What you should do:
From the entries that follow, extract each line holding the string "with".

== Material for the task

lemma tprob_eq_0_iff:
  assumes "pmf_on V P" and "xs \<in> tuples V k"
  shows "tprob P xs = 0 \<longleftrightarrow> \<not> set xs \<subseteq> supp V P"
  using assms unfolding tprob_def supp_def pmf_on_def tuples_def
  by (auto simp: prod_list_zero_iff less_eq_real_def subset_iff)

lemma sum_tprob_tuples:
  assumes "finite V" and "pmf_on V P"
  shows "(\<Sum>xs\<in>tuples V k. tprob P xs) = 1"
proof (induction k)
  case 0
  show ?case by (simp add: tuples_0 tprob_def)
next
  case (Suc k)
  then show ?case
    using assms by (simp add: sum_tuples_Suc tprob_def sum_distrib_left[symmetric] pmf_on_def)
qed

lemma tprob_conv_prod_nth: "tprob P xs = (\<Prod>t<length xs. P (xs ! t))"
  by (induction xs) (simp_all del: prod.lessThan_Suc add: tprob_def prod.lessThan_Suc_shift)

lemma tprob_columns:
  "\<forall>x\<in>set X. length x = n \<Longrightarrow> tprob (tprob P) X = (\<Prod>t<n. tprob P (col t X))"
proof (induction X)
  case Nil
  show ?case by (simp add: tprob_def)
next
  case (Cons x X)
  have "tprob P x = (\<Prod>t<n. P (x ! t))"
    using Cons.prems by (simp add: tprob_conv_prod_nth)
  with Cons show ?case
    by (simp add: tprob_def prod.distrib)
qed

lemma weighted_sq_mean_le:
  fixes p g :: "'a \<Rightarrow> real"
  assumes "finite A" and "\<forall>x\<in>A. 0 \<le> p x" and "(\<Sum>x\<in>A. p x) = 1"
  shows "(\<Sum>x\<in>A. p x * g x)\<^sup>2 \<le> (\<Sum>x\<in>A. p x * (g x)\<^sup>2)"
proof -
  define \<mu> where "\<mu> = (\<Sum>x\<in>A. p x * g x)"
  have "0 \<le> (\<Sum>x\<in>A. p x * (g x - \<mu>)\<^sup>2)"
    using assms by (intro sum_nonneg) auto
  also have "\<dots> = (\<Sum>x\<in>A. p x * (g x)\<^sup>2) - 2 * \<mu> * (\<Sum>x\<in>A. p x * g x) + \<mu>\<^sup>2 * (\<Sum>x\<in>A. p x)"
    by (simp add: power2_diff algebra_simps sum.distrib sum_subtractf sum_distrib_left
        sum_distrib_right)
  finally show ?thesis
    using assms(3) by (simp add: \<mu>_def power2_eq_square)
qed

subsection \<open>The non-edge probability and its conditional second moment\<close>

definition nonedge :: "'b set set \<Rightarrow> 'b list \<Rightarrow> real" where
  "nonedge E xs = (if set xs \<notin> E then 1 else 0)"

definition nonedge_prob :: "nat \<Rightarrow> 'a set \<Rightarrow> 'a set set \<Rightarrow> ('a \<Rightarrow> real) \<Rightarrow> real" where
  "nonedge_prob m V E P = (\<Sum>xs\<in>tuples V m. tprob P xs * nonedge E xs)"

definition cond_nonedge_prob ::
    "nat \<Rightarrow> nat \<Rightarrow> 'a set \<Rightarrow> 'a set set \<Rightarrow> ('a \<Rightarrow> real) \<Rightarrow> 'a list \<Rightarrow> real" where
  "cond_nonedge_prob m l V E P xs = (\<Sum>ys\<in>tuples V (m - l). tprob P ys * nonedge E (xs @ ys))"

definition cond_nonedge_moment2 :: "nat \<Rightarrow> nat \<Rightarrow> 'a set \<Rightarrow> 'a set set \<Rightarrow> ('a \<Rightarrow> real) \<Rightarrow> real" where
  "cond_nonedge_moment2 m l V E P =
     (\<Sum>xs\<in>tuples V l. tprob P xs * (cond_nonedge_prob m l V E P xs)\<^sup>2)"

lemma I_hg_eq: "finite V \<Longrightarrow> I_hg m V E P = - log 2 (nonedge_prob m V E P) / real (m - 1)"
  unfolding I_hg_def nonedge_prob_def nonedge_def
  by (simp add: sum.inter_filter finite_tuples if_distrib cong: if_cong)

lemma theta_hg_eq:
  "finite V \<Longrightarrow> l \<noteq> m \<Longrightarrow> theta_hg m l V E P =
     (log 2 (cond_nonedge_moment2 m l V E P) - 2 * log 2 (nonedge_prob m V E P)) / real (m - 1)"
  unfolding theta_hg_def I_hg_eq cond_nonedge_moment2_def cond_nonedge_prob_def
  unfolding nonedge_prob_def nonedge_def
  by (simp add: sum.inter_filter finite_tuples if_distrib diff_divide_distrib cong: if_cong)

lemma nonedge_bounds: "0 \<le> nonedge E xs" "nonedge E xs \<le> 1"
  by (auto simp: nonedge_def)

lemma tprob_nonedge_eq_0_iff:
  assumes "pmf_on V P" and "xs \<in> tuples V k"
  shows "tprob P xs * nonedge E xs = 0 \<longleftrightarrow> (set xs \<subseteq> supp V P \<longrightarrow> set xs \<in> E)"
  using tprob_eq_0_iff[OF assms] by (auto simp: nonedge_def)

lemma collision_prob_pos:
  assumes "finite V" and "pmf_on V P"
  shows "0 < (\<Sum>v\<in>V. P v ^ m)"
proof -
  have "\<exists>v\<in>V. P v \<noteq> 0"
  proof (rule ccontr)
    assume "\<not> (\<exists>v\<in>V. P v \<noteq> 0)"
    then have "(\<Sum>v\<in>V. P v) = 0"
      by simp
    with assms(2) show False
      by (simp add: pmf_on_def)
  qed
  then obtain v where v: "v \<in> V" "P v \<noteq> 0" ..
  have nonneg: "0 \<le> P x" if "x \<in> V" for x
    using that assms(2) by (simp add: pmf_on_def)
  have "0 < P v ^ m"
    using v nonneg[of v] by simp
  also have "\<dots> \<le> (\<Sum>v\<in>V. P v ^ m)"
    using v assms(1) nonneg by (intro member_le_sum) simp_all
  finally show ?thesis .
qed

====

Output of the task:
  with Cons show ?case
    with assms(2) show False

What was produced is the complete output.